> _WORK REQUEST_
In the records below, find the line containing "Context: An interval", then reproduce that line and every one after it to the end, exactly and alone.

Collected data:
# # #

(* Let the parametric setting, finite element spaces, lifts, finite element solutions and reduced basis solutions be as in the context, and fix $\mu\in\mathcal{D}$. Let $u(\mu)\in V_g(\mu)$ be the exact solution of the weak primal problem and $\sigma(\mu)\in\Sigma_{fg}(\mu)$ the exact solution of the dual problem. Then $$|\!|\!|u(\mu)-u_h(\mu)|\!|\!|_\mu\le|\!|\!|u(\mu)-u^N_{rb}(\mu)|\!|\!|_\mu,\qquad \|\sigma(\mu)-\sigma_h(\mu)\|_{R,\mu}\le\|\sigma(\mu)-\sigma^N_{rb}(\mu)\|_{R,\mu},$$ $$|\!|\!|(u(\mu)-u_h(\mu),\sigma(\mu)-\sigma_h(\mu))|\!|\!|_\mu\le|\!|\!|(u(\mu)-u^N_{rb}(\mu),\sigma(\mu)-\sigma^N_{rb}(\mu))|\!|\!|_\mu.$$ If moreover $\mu\in S_N$, all three inequalities are equalities.
   Context: Setting: $\Omega\subset\mathbb{R}^d$ ($d=2,3$) bounded polyhedral Lipschitz; $(\cdot,\cdot)$ the (possibly vector) $L^2(\Omega)$ inner product, $\|\cdot\|_0$ its norm, $(\cdot,\cdot)_\Gamma$ the $L^2$ product on $\Gamma\subset\partial\Omega$. $V$ a Hilbert space compactly embedded in $L^2(\Omega)$, $\Lambda:V\to L^2(\Omega)$ linear continuous, $\Lambda^t$ its formal adjoint, $\Sigma=\{\tau\in L^2(\Omega):\Lambda^t\tau\in L^2(\Omega)\}$, traces $\mathrm{tr}_0$ on $V$, $\mathrm{tr}_1$ on $\Sigma$ with $(\tau,\Lambda v)-(\Lambda^t\tau,v)=(\mathrm{tr}_1\tau,\mathrm{tr}_0v)_{\partial\Omega}$. $\partial\Omega=\overline\Gamma_D\cup\overline\Gamma_N$ disjoint, $\mathrm{meas}(\Gamma_D)\ne0$. $V_0=\{v\in V:\mathrm{tr}_0v=0\text{ on }\Gamma_D\}$, $\Sigma_0=\{\tau\in\Sigma:\mathrm{tr}_1\tau=0\text{ on }\Gamma_N\}$, $\Sigma_{00}=\{\tau\in\Sigma_0:\Lambda^t\tau=0\}$; $\|\Lambda v\|_0\ge c_3\|v\|_0$ on $V_0$; continuous inf-sup $\sup_{\tau\in\Sigma}\frac{(\Lambda^t\tau,v)}{\|\tau\|_0+\|\Lambda^t\tau\|_0}\ge\beta\|v\|_0$. Parameters $\mu$ range over a set $\mathcal{D}$; for each $\mu$, $\mathcal{A}(\mu)$ is self-adjoint on $L^2(\Omega)$ with $c_1\|q\|_0^2\le(\mathcal{A}(\mu)q,q)\le c_2\|q\|_0^2$, and data $f(\mu),g_D(\mu),g_N(\mu)\in L^2$ describe $\Lambda^t(\mathcal{A}(\mu)\Lambda u)=f(\mu)$, $\mathrm{tr}_0u=g_D(\mu)$ on $\Gamma_D$, $-\mathrm{tr}_1(\mathcal{A}(\mu)\Lambda u)=g_N(\mu)$ on $\Gamma_N$. $a(v,w;\mu)=(\mathcal{A}(\mu)\Lambda v,\Lambda w)$, $b(\rho,\tau;\mu)=(\mathcal{A}(\mu)^{-1}\rho,\tau)$, $c((\rho,w),(\tau,v);\mu)=b(\rho,\tau;\mu)+(\Lambda^t\tau,w)+(\Lambda^t\rho,v)$. $V_g(\mu)=\{v\in V:\mathrm{tr}_0v=g_D(\mu)\text{ on }\Gamma_D\}$, $\Sigma_{fg}(\mu)=\{\tau\in\Sigma:\Lambda^t\tau=-f(\mu),\ \mathrm{tr}_1\tau=g_N(\mu)\text{ on }\Gamma_N\}$. Exact solutions: $u(\mu)\in V_g(\mu)$ with $a(u(\mu),v;\mu)=(f(\mu),v)-(g_N(\mu),\mathrm{tr}_0v)_{\Gamma_N}$ for all $v\in V_0$; $\sigma(\mu)\in\Sigma_{fg}(\mu)$ with $b(\sigma(\mu),\tau;\mu)=-(\mathrm{tr}_1\tau,g_D(\mu))_{\Gamma_D}$ for all $\tau\in\Sigma_{00}$. Norms: $|\!|\!|v|\!|\!|_\mu=\sqrt{a(v,v;\mu)}$, $\|\tau\|_{R,\mu}=\sqrt{b(\tau,\tau;\mu)}$, $|\!|\!|(v,\tau)|\!|\!|_\mu=\sqrt{|\!|\!|v|\!|\!|_\mu^2+\|\tau\|_{R,\mu}^2}$. Finite elements: $V_h\subset V$, $D_h\subset L^2(\Omega)$, $\Sigma_h\subset\Sigma$ finite element spaces with $\Lambda^t\Sigma_h=D_h$ and the pair $(\Sigma_h,D_h)$ satisfying a discrete inf-sup condition; $V_{0,h}=V_h\cap V_0$, $\Sigma_{0,h}=\Sigma_h\cap\Sigma_0$. For each $\mu$ fixed lifts $u_g(\mu)\in V_h\cap V_g(\mu)$ and $\sigma_{fg}(\mu)\in\Sigma_h\cap\Sigma_{fg}(\mu)$ are given (data assumed compatible so these exist, and $f(\mu)\in D_h$). Let $\varphi(v;\mu)=(f(\mu),v)-(g_N(\mu),\mathrm{tr}_0v)_{\Gamma_N}-a(u_g(\mu),v;\mu)$ and $\psi(\tau;\mu)=-(\mathrm{tr}_1\tau,g_D(\mu))_{\Gamma_D}-b(\sigma_{fg}(\mu),\tau;\mu)$. FE primal solution: $u_h(\mu)=u_{0,h}(\mu)+u_g(\mu)$ with $u_{0,h}(\mu)\in V_{0,h}$ and $a(u_{0,h}(\mu),v;\mu)=\varphi(v;\mu)$ for all $v\in V_{0,h}$. FE dual solution: $\sigma_h(\mu)=\sigma_{00,h}(\mu)+\sigma_{fg}(\mu)$ where $(\sigma_{00,h}(\mu),w_h)\in\Sigma_{0,h}\times D_h$ solves $c((\sigma_{00,h}(\mu),w_h),(\tau,v);\mu)=\psi(\tau;\mu)$ for all $(\tau,v)\in\Sigma_{0,h}\times D_h$. Reduced basis: $S_N=\{\mu_i\}_{i=1}^N\subset\mathcal{D}$, $V^N_{rb}=\mathrm{span}\{u_{0,h}(\mu_i)\}_{i=1}^N$, $\Sigma^N_{rb}=\mathrm{span}\{\sigma_{00,h}(\mu_i)\}_{i=1}^N$ (snapshots computed with the same lifts). RB primal solution: $u^N_{rb}(\mu)=u^N_{0,rb}(\mu)+u_g(\mu)$ with $u^N_{0,rb}(\mu)\in V^N_{rb}$, $a(u^N_{0,rb}(\mu),v;\mu)=\varphi(v;\mu)$ for all $v\in V^N_{rb}$. RB dual solution: $\sigma^N_{rb}(\mu)=\sigma^N_{00,rb}(\mu)+\sigma_{fg}(\mu)$ with $\sigma^N_{00,rb}(\mu)\in\Sigma^N_{rb}$, $b(\sigma^N_{00,rb}(\mu),\tau;\mu)=\psi(\tau;\mu)$ for all $\tau\in\Sigma^N_{rb}$. *)

theory Defs
  imports "HOL-Analysis.Analysis"
begin
(* Let $n\ge 3$, $q=\frac{2n}{n-2}$, $\kappa=\frac{n-1}{n}$. Identify $S^1$ with $[-\pi,\pi]$ with endpoints identified, and let $\lambda=-1$ on $(-\pi,0)$, $\lambda=1$ on $(0,\pi)$. Let $N$ be a smooth positive function on $S^1$, $\gamma_N=-\frac{\int_{S^1}\lambda N}{\int_{S^1}N}$, and $t,\eta,\mu\in\mathbb{R}$. For $d>0$ let $\psi_d$ be the unique positive solution in $W^{2,\infty}(S^1)$ of $$-2\kappa q\,d^{-2q/n}\psi_d''-2\eta^2d^{-2q}\psi_d^{-q-1}-\kappa(\mu d^{-q}+\gamma_N+\lambda)^2\psi_d^{-q-1}+\kappa(t+\lambda)^2\psi_d^{q-1}=0,$$ and let $\mathcal{F}(d)=\psi_d(0)$. Suppose $|t|\neq1$ and let $$M_\infty=\max\left[\left|\frac{1-\gamma_N}{1-t}\right|^{1/q},\left|\frac{1+\gamma_N}{1+t}\right|^{1/q}\right].$$ If $\eta=\mu=0$, then $\mathcal{F}(d)\le M_\infty$ for all $d>0$. Otherwise there is a constant $c>0$ such that $\mathcal{F}(d)\ge c\,d^{-1}$ for all sufficiently small $d>0$. *)

theory Defs
  imports "HOL-Analysis.Analysis"
begin

text \<open>S^1 is identified with [-pi,pi] with endpoints identified; functions on S^1
  are rendered as 2pi-periodic functions on the real line.\<close>

definition periodic_2pi :: "(real \<Rightarrow> real) \<Rightarrow> bool" where
  "periodic_2pi f \<longleftrightarrow> (\<forall>x. f (x + 2 * pi) = f x)"

text \<open>lambda = -1 on (-pi,0), 1 on (0,pi) (extended periodically; the value at the two
  points 0, pi is irrelevant, set to 0).\<close>
definition lam :: "real \<Rightarrow> real" where
  "lam x = (if sin x < 0 then -1 else if sin x > 0 then 1 else 0)"

definition smooth_fun :: "(real \<Rightarrow> real) \<Rightarrow> bool" where
  "smooth_fun f \<longleftrightarrow> (\<forall>k x. (deriv ^^ k) f differentiable (at x))"

definition qexp :: "nat \<Rightarrow> real" where
  "qexp n = 2 * real n / (real n - 2)"

definition kappa :: "nat \<Rightarrow> real" where
  "kappa n = (real n - 1) / real n"

definition gammaN :: "(real \<Rightarrow> real) \<Rightarrow> real" where
  "gammaN N = - (integral {-pi..pi} (\<lambda>x. lam x * N x) / integral {-pi..pi} N)"

text \<open>W^{2,infinity}: psi is differentiable with derivative psi1, psi1 is the
  indefinite integral of a bounded function psi2 (the weak second derivative).\<close>
definition pos_W2inf_sol ::
  "nat \<Rightarrow> real \<Rightarrow> real \<Rightarrow> real \<Rightarrow> real \<Rightarrow> real \<Rightarrow> (real \<Rightarrow> real) \<Rightarrow> bool" where
  "pos_W2inf_sol n gam t eta mu d \<psi> \<longleftrightarrow>
     periodic_2pi \<psi> \<and> (\<forall>x. \<psi> x > 0) \<and>
     (\<exists>\<psi>1 \<psi>2.
        (\<forall>x. (\<psi> has_real_derivative \<psi>1 x) (at x)) \<and>
        (\<forall>a b. a \<le> b \<longrightarrow> (\<psi>2 has_integral (\<psi>1 b - \<psi>1 a)) {a..b}) \<and>
        bounded (range \<psi>2) \<and>
        (AE x in lborel.
           - 2 * kappa n * qexp n * d powr (- 2 * qexp n / real n) * \<psi>2 x
           - 2 * eta\<^sup>2 * d powr (- 2 * qexp n) * \<psi> x powr (- qexp n - 1)
           - kappa n * (mu * d powr (- qexp n) + gam + lam x)\<^sup>2 * \<psi> x powr (- qexp n - 1)
           + kappa n * (t + lam x)\<^sup>2 * \<psi> x powr (qexp n - 1) = 0))"

end

theory Submission
  imports Defs
begin
(* For every integer $a\geq 1$, $$\sigma(2,2a-1)=2a(2a-1)\lambda(2a+1)-8\sum_{j=1}^{a-1}j\,\lambda(2a-2j)\lambda(2j+1),$$ where an empty sum equals $0$.
   Context: For integers $t\geq 1$ and $n\geq 1$ let $S_n^{(t)}=\sum_{k=1}^{n}\frac{1}{(2k-1)^t}$, and for integers $s\geq 2$, $t\geq 1$ let $\sigma(s,t)=\sum_{n\geq 1}\frac{S_n^{(t)}}{n^s}$. For real $s>1$, $\lambda(s)=\sum_{n\geq 1}\frac{1}{(2n-1)^s}=(1-2^{-s})\zeta(s)$. *)

theory Defs
  imports "HOL-Analysis.Analysis"
begin

definition S_odd :: "nat \<Rightarrow> nat \<Rightarrow> real" where
  "S_odd t n = (\<Sum>k=1..n. 1 / (2 * real k - 1) ^ t)"

definition sigma_os :: "nat \<Rightarrow> nat \<Rightarrow> real" where
  "sigma_os s t = (\<Sum>n. S_odd t (n + 1) / (real (n + 1)) ^ s)"

definition dlambda :: "real \<Rightarrow> real" where
  "dlambda s = (\<Sum>n. 1 / (2 * real n + 1) powr s)"

end

theory Submission
  imports Defs "HOL-Real_Asymp.Real_Asymp"
begin

text \<open>
  With x(k) = 1/(2k+1) and y(m) = 1/(2m+2) one has sigma(2,t) = 4 W, where W is the sum of
  x(k)^t y(m)^2 over the triangle k <= m.  Group the pairs (k,m) by the odd number N = 2n+1
  according to whether (2m+2) - (2k+1) = N (the triangle), (2k+1) - (2m+2) = N (its complement)
  or (2k+1) + (2m+2) = N (finitely many pairs).  On each class x y = (x +- y)/N, so x^t y^2
  splits into partial fractions whose sums are lambda-values, finite power sums and harmonic
  tails; the finite power sums cancel between the classes and the harmonic tails add up to -1/N.
  Summing over n, the antidiagonal classes exhaust the full product P = lambda(t) * sum y(m)^2,
  and so do the triangle and its complement together; the three classes combined therefore
  give 2 (P - W).  For t = 1 the product P diverges; there one symmetrises the triangle sum
  instead, x(k) y(n+k)^2 + x(n) y(n+k)^2 = x(n) x(k) y(n+k), and runs the same argument with a
  convergent companion kernel.
\<close>

lemma summable_one_over_linear_power:
  assumes "2 \<le> s" and "1 \<le> b"
  shows "summable (\<lambda>k::nat. (1 / (2 * real k + b)) ^ s)"
proof (rule summable_comparison_test)
  have "summable (\<lambda>k. inverse (real k ^ s))"
    using inverse_power_summable assms(1) by blast
  then show "summable (\<lambda>k. inverse (real (Suc k) ^ s))"
    by (subst summable_Suc_iff)
  show "\<exists>N. \<forall>k\<ge>N. norm ((1 / (2 * real k + b)) ^ s) \<le> inverse (real (Suc k) ^ s)"
  proof (intro exI allI impI)
    fix k :: nat
    have "(1 / (2 * real k + b)) ^ s \<le> (1 / real (Suc k)) ^ s"
      using assms(2) by (intro power_mono divide_left_mono) auto
    then show "norm ((1 / (2 * real k + b)) ^ s) \<le> inverse (real (Suc k) ^ s)"
      using assms(2) by (simp add: power_one_over inverse_eq_divide)
  qed
qed

definition dlambda_nat :: "nat \<Rightarrow> real" where
  "dlambda_nat s = (\<Sum>k. (1 / (2 * real k + 1)) ^ s)"

definition even_inverse_square_sum :: real where
  "even_inverse_square_sum = (\<Sum>m. (1 / (2 * real m + 2)) ^ 2)"

lemma dlambda_nat_sums: "2 \<le> s \<Longrightarrow> (\<lambda>k. (1 / (2 * real k + 1)) ^ s) sums dlambda_nat s"
  unfolding dlambda_nat_def by (intro summable_sums summable_one_over_linear_power) auto

lemma even_inverse_square_sum_sums:
  "(\<lambda>m. (1 / (2 * real m + 2)) ^ 2) sums even_inverse_square_sum"
  unfolding even_inverse_square_sum_def
  by (intro summable_sums summable_one_over_linear_power) auto

lemma dlambda_of_nat: "dlambda (real s) = dlambda_nat s"
  unfolding dlambda_def dlambda_nat_def
  by (intro suminf_cong) (simp add: powr_realpow power_one_over)

lemma S_odd_Suc: "S_odd t (Suc m) = (\<Sum>k\<le>m. (1 / (2 * real k + 1)) ^ t)"
proof -
  have "S_odd t (Suc m) = (\<Sum>k=Suc 0..Suc m. 1 / (2 * real k - 1) ^ t)"
    unfolding S_odd_def by simp
  also have "\<dots> = (\<Sum>k=0..m. 1 / (2 * real (Suc k) - 1) ^ t)"
    by (subst sum.atLeast_Suc_atMost_Suc_shift) (simp add: o_def)
  also have "\<dots> = (\<Sum>k\<le>m. (1 / (2 * real k + 1)) ^ t)"
    by (intro sum.cong) (auto simp: atLeast0AtMost power_one_over add.commute)
  finally show ?thesis .
qed

lemma sum_lessThan_double: "(\<Sum>j<2 * (n::nat). f j) = (\<Sum>k<n. f (2 * k) + f (2 * k + 1))"
  by (induction n) (auto simp: sum.distrib add_ac)

lemma sum_real_diff_lessThan: "(\<Sum>i<q. real (q - i)) = real q * (real q + 1) / 2"
proof (induction q)
  case (Suc q)
  have "(\<Sum>i<Suc q. real (Suc q - i)) = real (Suc q) + (\<Sum>i<q. real (q - i))"
    by (subst sum.lessThan_Suc_shift) simp
  with Suc show ?case by (simp add: field_simps)
qed simp

section \<open>Partial fractions\<close>

lemma partial_fraction_add:
  fixes x y N :: real
  assumes "x \<noteq> 0" "y \<noteq> 0" "x + y = N" "N \<noteq> 0"
  shows "(1 / x) * (1 / y) = (1 / N) * (1 / x + 1 / y)"
  using assms by (auto simp: field_simps)

lemma partial_fraction_diff:
  fixes x y N :: real
  assumes "x \<noteq> 0" "y \<noteq> 0" "y - x = N" "N \<noteq> 0"
  shows "(1 / x) * (1 / y) = (1 / N) * (1 / x - 1 / y)"
  using assms by (auto simp: field_simps)

lemma partial_fraction_symmetric:
  fixes u v :: real
  assumes "0 < u" and "0 < v"
  shows "1 / u * (1 / v * (1 / (u + v))) = 1 / u * (1 / (u + v)) ^ 2 + 1 / v * (1 / (u + v)) ^ 2"
proof -
  have "1 / u * (1 / (u + v)) ^ 2 + 1 / v * (1 / (u + v)) ^ 2 = (1 / u + 1 / v) * (1 / (u + v)) ^ 2"
    by (simp add: algebra_simps)
  also have "1 / u + 1 / v = (u + v) * (1 / u * (1 / v))"
    using assms by (simp add: field_simps)
  finally show ?thesis
    using assms by (simp add: power2_eq_square)
qed
(* Let $\rho_\mathcal{A}$ be an antisymmetric state on $\mathbb{C}^d\otimes\mathbb{C}^d$ and let $p^\textrm{PPT}(\rho_\mathcal{A})$ be the optimal value of the semidefinite program: maximize $\operatorname{Tr}(P_\mathcal{A}\sigma)$ over $\sigma$ subject to $P_\mathcal{A}\sigma P_\mathcal{A} = \operatorname{Tr}(P_\mathcal{A}\sigma)\rho_\mathcal{A}$, $\sigma\geq 0$, $\operatorname{Tr}(\sigma)=1$, $\sigma^\Gamma\geq 0$. If $p^\textrm{PPT}(\rho_\mathcal{A})<1/2$, then any optimal state $\sigma^*$ of this program (a PPT state with $P_\mathcal{A}\sigma^*P_\mathcal{A}=p^\textrm{PPT}(\rho_\mathcal{A})\rho_\mathcal{A}$) is entangled, hence PPT entangled.
   Context: $V$ is the swap operator on $\mathbb{C}^d\otimes\mathbb{C}^d$, $P_\mathcal{A}=(\mathbb{1}-V)/2$ is the projector onto the antisymmetric subspace (with $\mathbb{1}$ the identity operator). An antisymmetric state satisfies $\rho_\mathcal{A}=P_\mathcal{A}\rho_\mathcal{A}P_\mathcal{A}$. A state is separable if it is of the form $\sum_k q_k |\alpha_k\rangle\langle\alpha_k|\otimes|\beta_k\rangle\langle\beta_k|$; $\sigma^\Gamma$ is the partial transpose. *)

theory Defs
  imports "HOL-Analysis.Analysis"
begin

text \<open>Operators on C^d \<otimes> C^d are represented as matrices indexed by pairs
  (i,j) of a finite type 'd (the basis |i> \<otimes> |j>).\<close>

type_synonym 'd op2 = "complex ^ ('d \<times> 'd) ^ ('d \<times> 'd)"

definition tr :: "complex ^ 'n ^ 'n \<Rightarrow> complex" where
  "tr A = (\<Sum>i\<in>UNIV. A $ i $ i)"

definition smult_mat :: "complex \<Rightarrow> complex ^ 'n ^ 'm \<Rightarrow> complex ^ 'n ^ 'm" where
  "smult_mat c A = (\<chi> i j. c * A $ i $ j)"

definition hermitian :: "complex ^ 'n ^ 'n \<Rightarrow> bool" where
  "hermitian A \<longleftrightarrow> (\<forall>i j. A $ i $ j = cnj (A $ j $ i))"
lemma abs_matrix_mul_entry_le:
  fixes X Y :: "real^'n^'n"
  assumes "\<And>i j. \<bar>X$i$j\<bar> \<le> a" "\<And>i j. \<bar>Y$i$j\<bar> \<le> b"
  shows "\<bar>(X ** Y)$i$j\<bar> \<le> real CARD('n) * a * b"
proof -
  have "\<bar>(X ** Y)$i$j\<bar> \<le> (\<Sum>k\<in>(UNIV::'n set). \<bar>X$i$k\<bar> * \<bar>Y$k$j\<bar>)"
    unfolding matrix_matrix_mult_def by (simp add: sum_abs[THEN order_trans] abs_mult)
  also have "\<dots> \<le> (\<Sum>k\<in>(UNIV::'n set). a * b)"
    using assms by (intro sum_mono mult_mono) (auto intro: order_trans[OF abs_ge_zero])
  finally show ?thesis by simp
qed

lemma mpow_entry_bound:
  fixes X :: "real^'n^'n"
  obtains c where "\<And>k i j. \<bar>mpow X k $ i $ j\<bar> \<le> c ^ k"
proof
  define m where "m = (\<Sum>i\<in>UNIV. \<Sum>j\<in>UNIV. \<bar>X$i$j\<bar>)"
  have mX: "\<bar>X$i$j\<bar> \<le> m" for i j
    unfolding m_def
    by (rule order_trans[OF member_le_sum member_le_sum[where f = "\<lambda>i. \<Sum>j\<in>UNIV. \<bar>X$i$j\<bar>"]])
      (auto intro: sum_nonneg)
  then have m0: "m \<ge> 0" by (meson abs_ge_zero order_trans)
  fix k i j
  show "\<bar>mpow X k $ i $ j\<bar> \<le> (real CARD('n) * m + 1) ^ k"
  proof (induction k arbitrary: i j)
    case (Suc k)
    have "\<bar>mpow X (Suc k) $ i $ j\<bar> \<le> real CARD('n) * m * (real CARD('n) * m + 1) ^ k"
      by (simp only: mpow.simps) (rule abs_matrix_mul_entry_le[OF mX Suc.IH])
    also have "\<dots> \<le> (real CARD('n) * m + 1) ^ Suc k"
      using m0 by (simp add: mult_right_mono)
    finally show ?case .
  qed (simp add: mat_def)
qed

definition mexp_coeff :: "real^'n^'n \<Rightarrow> 'n \<Rightarrow> 'n \<Rightarrow> nat \<Rightarrow> real" where
  "mexp_coeff X i j k = mpow X k $ i $ j / fact k"
(* Let $r_1=\frac5{11}+\frac1{22\pi}$, $r_2=\frac5{11}-\frac1{220\pi}$. Let $f$ be the interval exchange transformation of $I=[-1,1)$ with alphabet $\mathcal{A}=\{A,B,C,D,E,F,G,H\}$, where the intervals $I_A,I_B,\dots,I_H$ appear in $I$ in this order from left to right, the images $f(I_D),f(I_B),f(I_E),f(I_C),f(I_H),f(I_F),f(I_A),f(I_G)$ appear in $I$ in this order from left to right, and the lengths are $$(\lambda_A,\dots,\lambda_H)=\Big(\tfrac1{20\pi},\ \tfrac12,\ \tfrac1{22}-\tfrac{21}{220\pi},\ \tfrac5{11}+\tfrac1{22\pi},\ \tfrac1{20\pi},\ \tfrac12,\ \tfrac1{22}-\tfrac{21}{220\pi},\ \tfrac5{11}+\tfrac1{22\pi}\Big)$$ (equivalently $(r_1-r_2,\ \frac12,\ r_2-2r_1+\frac12,\ r_1,\ r_1-r_2,\ \frac12,\ r_2-2r_1+\frac12,\ r_1)$). Then $f$ satisfies the modified Keane condition: $f^m(p_\alpha)\ne p_\beta$ for all $m\ge1$, all $\alpha\in\mathcal{A}$, and all $\beta\in\mathcal{A}$ with $p_\beta\notin\{-1,0\}$, where $p_\alpha$ denotes the left endpoint of $I_\alpha$.
   Context: An interval exchange transformation of $I=[-1,1)$: a finite partition of $I$ into intervals $I_\alpha$ closed on the left and open on the right, and a bijection $f:I\to I$ whose restriction to each $I_\alpha$ is a translation; it is determined by the left-to-right order of the $I_\alpha$ in $I$, the left-to-right order of the $f(I_\alpha)$ in $I$, and the lengths $\lambda_\alpha$ of the $I_\alpha$. *)

theory Defs
  imports Complex_Main
begin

# # #

> _COMPLETED TASK_
   Context: An interval exchange transformation of $I=[-1,1)$: a finite partition of $I$ into intervals $I_\alpha$ closed on the left and open on the right, and a bijection $f:I\to I$ whose restriction to each $I_\alpha$ is a translation; it is determined by the left-to-right order of the $I_\alpha$ in $I$, the left-to-right order of the $f(I_\alpha)$ in $I$, and the lengths $\lambda_\alpha$ of the $I_\alpha$. *)

theory Defs
  imports Complex_Main
begin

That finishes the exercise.